Steinhagen was confined and treated at the institution until 1952, when she was declared cured and released. Waitkus did not press charges against Steinhagen after she was released, telling an assistant state's attorney that he wanted to forget the incident.
After her release, Steinhagen moved back home to live with her parents and her younger sister in her parents' small apartment on Chicago's North Side. She shunned publicity in the ensuing decades.
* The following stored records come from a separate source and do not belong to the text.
lemma mren_apps [simp]: "mren \<rho> (apps t s) = apps (mren \<rho> t) (map (mren \<rho>) s)"
  by (induction s arbitrary: t) auto

lemma substL_apps [simp]:
  "substL (apps t s) k u = apps (substL t k u) (map (\<lambda>w. substL w k u) s)"
  by (induction s arbitrary: t) auto

lemma substM_apps [simp]:
  "substM (apps t s) a v = apps (substM t a v) (map (\<lambda>w. substM w a v) s)"
  by (induction s arbitrary: t) auto

text \<open>Simultaneous substitution: \<open>\<lambda>\<close>-variable \<open>i\<close> becomes \<open>\<sigma> i\<close>, and every subterm
  \<open>(a w)\<close> becomes \<open>(\<rho> a) (w (\<tau> a))\<close>, i.e. the stack \<open>\<tau> a\<close> is appended to it.
  This is the shape of a term after a \<open>\<mu>\<close>-redex has consumed several arguments.\<close>

fun gsubst :: "(nat \<Rightarrow> trm) \<Rightarrow> (nat \<Rightarrow> trm list) \<Rightarrow> (nat \<Rightarrow> nat) \<Rightarrow> trm \<Rightarrow> trm" where
  "gsubst \<sigma> \<tau> \<rho> (LVar i) = \<sigma> i"
| "gsubst \<sigma> \<tau> \<rho> (Lam t) =
     Lam (gsubst (\<lambda>i. case i of 0 \<Rightarrow> LVar 0 | Suc j \<Rightarrow> liftL 0 (\<sigma> j))
                 (\<lambda>j. map (liftL 0) (\<tau> j)) \<rho> t)"
| "gsubst \<sigma> \<tau> \<rho> (App t u) = App (gsubst \<sigma> \<tau> \<rho> t) (gsubst \<sigma> \<tau> \<rho> u)"
| "gsubst \<sigma> \<tau> \<rho> (Mu t) =
     Mu (gsubst (\<lambda>i. mren Suc (\<sigma> i))
                (\<lambda>j. case j of 0 \<Rightarrow> [] | Suc k \<Rightarrow> map (mren Suc) (\<tau> k)) (ren_up \<rho>) t)"
| "gsubst \<sigma> \<tau> \<rho> (Named a t) = Named (\<rho> a) (apps (gsubst \<sigma> \<tau> \<rho> t) (\<tau> a))"

lemma gsubst_id: "gsubst LVar (\<lambda>_. []) id t = t"
proof -
  have "gsubst \<sigma> \<tau> \<rho> t = t" if "\<forall>i. \<sigma> i = LVar i" "\<forall>j. \<tau> j = []" "\<forall>j. \<rho> j = j"
    for \<sigma> \<tau> \<rho>
    using that
  proof (induction t arbitrary: \<sigma> \<tau> \<rho>)
    case (Lam t)
    show ?case
      by (simp, rule Lam.IH) (use Lam.prems in \<open>auto split: nat.split\<close>)
  next
    case (Mu t)
    show ?case
      by (simp, rule Mu.IH) (use Mu.prems in \<open>auto simp: ren_up_def split: nat.split\<close>)
  qed auto
  then show ?thesis by simp
qed

lemma mren_gsubst:
  "mren \<rho>' (gsubst \<sigma> \<tau> \<rho> t) = gsubst (\<lambda>i. mren \<rho>' (\<sigma> i)) (\<lambda>j. map (mren \<rho>') (\<tau> j)) (\<rho>' \<circ> \<rho>) t"
proof (induction t arbitrary: \<sigma> \<tau> \<rho> \<rho>')
  case (Lam t)
  have "(\<lambda>i. mren \<rho>' (case i of 0 \<Rightarrow> LVar 0 | Suc j \<Rightarrow> liftL 0 (\<sigma> j))) =
        (\<lambda>i. case i of 0 \<Rightarrow> LVar 0 | Suc j \<Rightarrow> liftL 0 (mren \<rho>' (\<sigma> j)))"
    by (auto simp: fun_eq_iff split: nat.split)
  then show ?case by (simp add: Lam.IH comp_def)
next
  case (Mu t)
  have "(\<lambda>j. map (mren (ren_up \<rho>')) (case j of 0 \<Rightarrow> [] | Suc k \<Rightarrow> map (mren Suc) (\<tau> k))) =
        (\<lambda>j. case j of 0 \<Rightarrow> [] | Suc k \<Rightarrow> map (mren Suc) (map (mren \<rho>') (\<tau> k)))"
    by (auto simp: fun_eq_iff split: nat.split)
  then show ?case
    by (simp add: Mu.IH)
       (auto intro!: arg_cong2[where f = "\<lambda>\<sigma> \<tau>. gsubst \<sigma> \<tau> _ t"] simp: fun_eq_iff comp_def split: nat.split)
qed auto

lemma substL_gsubst:
  "substL (gsubst \<sigma> \<tau> \<rho> t) k u =
   gsubst (\<lambda>i. substL (\<sigma> i) k u) (\<lambda>j. map (\<lambda>w. substL w k u) (\<tau> j)) \<rho> t"
proof (induction t arbitrary: \<sigma> \<tau> \<rho> k u)
  case (Lam t)
  have "(\<lambda>i. substL (case i of 0 \<Rightarrow> LVar 0 | Suc j \<Rightarrow> liftL 0 (\<sigma> j)) (Suc k) (liftL 0 u)) =
        (\<lambda>i. case i of 0 \<Rightarrow> LVar 0 | Suc j \<Rightarrow> liftL 0 (substL (\<sigma> j) k u))"
    by (auto simp: fun_eq_iff substL_liftL_commute split: nat.split)
  then show ?case by (simp add: Lam.IH substL_liftL_commute comp_def)
next
  case (Mu t)
  show ?case
    by (simp add: Mu.IH mren_substL)
       (auto intro!: arg_cong2[where f = "\<lambda>\<sigma> \<tau>. gsubst \<sigma> \<tau> _ t"]
         simp: fun_eq_iff mren_substL split: nat.split)
qed auto

lemma substM_gsubst:
  "substM (gsubst \<sigma> \<tau> \<rho> t) a v =
   gsubst (\<lambda>i. substM (\<sigma> i) a v)
          (\<lambda>j. if \<rho> j = a then map (\<lambda>w. substM w a v) (\<tau> j) @ [v]
               else map (\<lambda>w. substM w a v) (\<tau> j)) \<rho> t"
proof (induction t arbitrary: \<sigma> \<tau> \<rho> a v)
  case (Lam t)
  have "(\<lambda>i. substM (case i of 0 \<Rightarrow> LVar 0 | Suc j \<Rightarrow> liftL 0 (\<sigma> j)) a (liftL 0 v)) =
        (\<lambda>i. case i of 0 \<Rightarrow> LVar 0 | Suc j \<Rightarrow> liftL 0 (substM (\<sigma> j) a v))"
    by (auto simp: fun_eq_iff substM_liftL split: nat.split)
  moreover have
    "(\<lambda>j. if \<rho> j = a then map (\<lambda>w. substM w a (liftL 0 v)) (map (liftL 0) (\<tau> j)) @ [liftL 0 v]
          else map (\<lambda>w. substM w a (liftL 0 v)) (map (liftL 0) (\<tau> j))) =
     (\<lambda>j. map (liftL 0) (if \<rho> j = a then map (\<lambda>w. substM w a v) (\<tau> j) @ [v]
          else map (\<lambda>w. substM w a v) (\<tau> j)))"
    by (auto simp: fun_eq_iff substM_liftL)
  ultimately show ?case by (simp add: Lam.IH)
next
  case (Mu t)
  have Suc_inj: "\<forall>b. Suc b = Suc a \<longrightarrow> b = a" by simp
  have "(\<lambda>i. substM (mren Suc (\<sigma> i)) (Suc a) (mren Suc v)) = (\<lambda>i. mren Suc (substM (\<sigma> i) a v))"
    using mren_substM[OF Suc_inj] by simp
  moreover have
    "(\<lambda>j. if ren_up \<rho> j = Suc a
          then map (\<lambda>w. substM w (Suc a) (mren Suc v))
                 (case j of 0 \<Rightarrow> [] | Suc k \<Rightarrow> map (mren Suc) (\<tau> k)) @ [mren Suc v]
          else map (\<lambda>w. substM w (Suc a) (mren Suc v))
                 (case j of 0 \<Rightarrow> [] | Suc k \<Rightarrow> map (mren Suc) (\<tau> k))) =
     (\<lambda>j. case j of 0 \<Rightarrow> [] | Suc k \<Rightarrow> map (mren Suc)
          (if \<rho> k = a then map (\<lambda>w. substM w a v) (\<tau> k) @ [v] else map (\<lambda>w. substM w a v) (\<tau> k)))"
    using mren_substM[OF Suc_inj] by (auto simp: fun_eq_iff split: nat.split)
  ultimately show ?case by (simp add: Mu.IH)
qed (auto simp: apps_snoc)

lemma red_mren: "t \<rhd> t' \<Longrightarrow> mren \<rho> t \<rhd> mren \<rho> t'"
proof (induction arbitrary: \<rho> rule: red.induct)
  case (beta u v)
  show ?case using red.beta[of "mren \<rho> u" "mren \<rho> v"] by (simp add: mren_substL)
next
  case (mu u v)
  have "\<forall>b. ren_up \<rho> b = ren_up \<rho> 0 \<longrightarrow> b = 0"
    by (auto simp: ren_up_def split: nat.split)
  then show ?case
    using red.mu[of "mren (ren_up \<rho>) u" "mren \<rho> v"] mren_substM[of _ 0 u "mren Suc v"] by simp
qed (auto intro: red.intros)

lemma reds_mren: "t \<rhd>\<^sup>* t' \<Longrightarrow> mren \<rho> t \<rhd>\<^sup>* mren \<rho> t'"
  by (induction rule: rtranclp_induct) (auto intro: rtranclp.rtrancl_into_rtrancl red_mren)

lemma reds_App1: "t \<rhd>\<^sup>* t' \<Longrightarrow> App t u \<rhd>\<^sup>* App t' u"
  by (induction rule: rtranclp_induct) (auto intro: rtranclp.rtrancl_into_rtrancl red.appL)

lemma reds_Mu: "t \<rhd>\<^sup>* t' \<Longrightarrow> Mu t \<rhd>\<^sup>* Mu t'"
  by (induction rule: rtranclp_induct) (auto intro: rtranclp.rtrancl_into_rtrancl red.muC)

lemma reds_Named: "t \<rhd>\<^sup>* t' \<Longrightarrow> Named a t \<rhd>\<^sup>* Named a t'"
  by (induction rule: rtranclp_induct) (auto intro: rtranclp.rtrancl_into_rtrancl red.named)

lemma reds_apps: "t \<rhd>\<^sup>* t' \<Longrightarrow> apps t s \<rhd>\<^sup>* apps t' s"
  by (induction s arbitrary: t t') (auto intro: reds_App1)

text \<open>The freshness hypotheses say that \<open>a = 0\<close> occurs neither in \<open>\<sigma>\<close> nor in \<open>\<tau>\<close>, so the
  structural substitution only acts on the named subterms produced by \<open>gsubst\<close>.\<close>

lemma reds_Mu_apps:
  assumes \<sigma>_fresh: "\<forall>i w. substM (\<sigma> i) 0 w = \<sigma> i"
    and \<tau>_fresh: "\<forall>j w. map (\<lambda>u. substM u 0 w) (\<tau> j) = \<tau> j"
    and \<rho>_0: "\<forall>j. \<rho> j = 0 \<longleftrightarrow> j = 0"
  shows "apps (Mu (gsubst \<sigma> \<tau> \<rho> t)) s \<rhd>\<^sup>* Mu (gsubst \<sigma> (\<tau>(0 := \<tau> 0 @ map (mren Suc) s)) \<rho> t)"
  using \<tau>_fresh
proof (induction s arbitrary: \<tau>)
  case Nil
  then show ?case by simp
next
  case (Cons v s)
  define \<tau>' where "\<tau>' = \<tau>(0 := \<tau> 0 @ [mren Suc v])"
  have "substM (gsubst \<sigma> \<tau> \<rho> t) 0 (mren Suc v) = gsubst \<sigma> \<tau>' \<rho> t"
    unfolding substM_gsubst \<tau>'_def
    by (rule arg_cong2[where f = "\<lambda>\<sigma> \<tau>. gsubst \<sigma> \<tau> \<rho> t"])
       (use \<sigma>_fresh \<rho>_0 Cons.prems in \<open>simp_all add: fun_eq_iff\<close>)
  then have "App (Mu (gsubst \<sigma> \<tau> \<rho> t)) v \<rhd> Mu (gsubst \<sigma> \<tau>' \<rho> t)"
    using red.mu[of "gsubst \<sigma> \<tau> \<rho> t" v] by simp
  then have "apps (Mu (gsubst \<sigma> \<tau> \<rho> t)) (v # s) \<rhd>\<^sup>* apps (Mu (gsubst \<sigma> \<tau>' \<rho> t)) s"
    by (simp add: reds_apps r_into_rtranclp)
  also have "\<dots> \<rhd>\<^sup>* Mu (gsubst \<sigma> (\<tau>'(0 := \<tau>' 0 @ map (mren Suc) s)) \<rho> t)"
    by (rule Cons.IH) (use Cons.prems in \<open>simp add: \<tau>'_def substM_mren_fresh\<close>)
  also have "\<tau>'(0 := \<tau>' 0 @ map (mren Suc) s) = \<tau>(0 := \<tau> 0 @ map (mren Suc) (v # s))"
    by (simp add: \<tau>'_def)
  finally show ?case .
qed

definition Mreach :: "nat \<Rightarrow> trm set" where
  "Mreach x = {t. \<exists>m \<in> Mset (LVar x). t \<rhd>\<^sup>* m}"

lemma Mset_LVar_mren: "m \<in> Mset (LVar x) \<Longrightarrow> mren \<rho> m \<in> Mset (LVar x)"
  by (induction arbitrary: \<rho> rule: Mset.induct) (auto intro: Mset.intros)

lemma Mreach_mren: "t \<in> Mreach x \<Longrightarrow> mren \<rho> t \<in> Mreach x"
  unfolding Mreach_def using Mset_LVar_mren reds_mren by blast

lemma Mreach_reds: "t \<rhd>\<^sup>* t' \<Longrightarrow> t' \<in> Mreach x \<Longrightarrow> t \<in> Mreach x"
  unfolding Mreach_def by (auto intro: rtranclp_trans)

lemma Mreach_Mu: "t \<in> Mreach x \<Longrightarrow> Mu t \<in> Mreach x"
  unfolding Mreach_def by (auto intro: reds_Mu Mset.mu)

lemma Mreach_Named: "t \<in> Mreach x \<Longrightarrow> Named a t \<in> Mreach x"
  unfolding Mreach_def by (auto intro: reds_Named Mset.named)

lemma LVar_Mreach: "LVar x \<in> Mreach x"
  unfolding Mreach_def by (auto intro: Mset.base)

text \<open>The quantification over renamings \<open>\<rho>\<close> makes realizability stable under the
  \<open>\<mu>\<close>-index shifts that occur when going under a \<open>\<mu>\<close>-binder.\<close>

fun good_stack :: "nat \<Rightarrow> ty \<Rightarrow> trm list \<Rightarrow> bool" where
  "good_stack x (TVar n) s \<longleftrightarrow> (\<exists>ys. s = map LVar ys)"
| "good_stack x Bot s \<longleftrightarrow> s = []"
| "good_stack x (A \<Rightarrow>\<^sub>T B) [] \<longleftrightarrow> False"
| "good_stack x (A \<Rightarrow>\<^sub>T B) (u # s) \<longleftrightarrow>
     (\<forall>\<rho> s'. good_stack x A s' \<longrightarrow> apps (mren \<rho> u) s' \<in> Mreach x) \<and> good_stack x B s"

definition realizes :: "nat \<Rightarrow> ty \<Rightarrow> trm \<Rightarrow> bool" where
  "realizes x A t \<longleftrightarrow> (\<forall>\<rho> s. good_stack x A s \<longrightarrow> apps (mren \<rho> t) s \<in> Mreach x)"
Little information is publicly available about the remainder of her life, which was quiet and secluded. She steadfastly maintained her privacy, avoided reporters, and refused to comment publicly on her shooting of Waitkus. Waitkus biographer John Theodore said about her, "She chose to live in the shadows and she did a good job of it."
It is known that, in 1970, Steinhagen and her family purchased a home in a crowded, racially mixed neighborhood on Chicago's Northwest Side, a few miles from the site of the hotel where she shot Waitkus. She lived in the home for the rest of her life. She lived there with her sister after their parents died in the early 1990s. She continued to live there after her sister died in 2007, employing full-time caregivers in her final years. There is no evidence she ever married. Discoverable evidence of employment that she may have had is virtually nonexistent. A neighbor of hers told John Theodore that Steinhagen had said that she worked in an office job for 35 years, but Steinhagen never told the neighbor where she worked and the neighbor never asked her. Court records and other background checks reveal no information about her career.
On December 29, 2012, Steinhagen died in a Chicago hospital of a subdural hematoma that she suffered as a result of an accidental fall in her home. Her death was not publicly reported until nearly three months after it occurred; the Chicago Tribune learned of it while searching death records in connection with another story. Steinhagen was 83 years old, and left no immediate survivors.
As one of the first instances of what later became known as stalker crimes, the incident for several years "had a profoundly anti-aphrodisiacal effect on traveling athletes", according to The Boston Globe. It prompted a magazine article from sports writer Al Stump entitled "Baseball's Biggest Headache— Dames!". It was fictionalized as one of the inspirations for the 1952 baseball book The Natural, which was made into a film in 1984. In 1992, Steinhagen's was the oldest incident among 83 incorporated into "Preventing Assassination", a Secret Service study of celebrity and political assassinations.
The bullet that struck Waitkus lodged in a lung, threatening his life and preventing his returning to baseball for the rest of the season. The incident, which required four surgeries, is said to have influenced Waitkus' career and probably his personal life as well, as his numbers after the shooting were never the same and as he developed a great concern that others might not understand why he had visited Steinhagen's room. He also, according to Meyer, developed a drinking problem after the incident.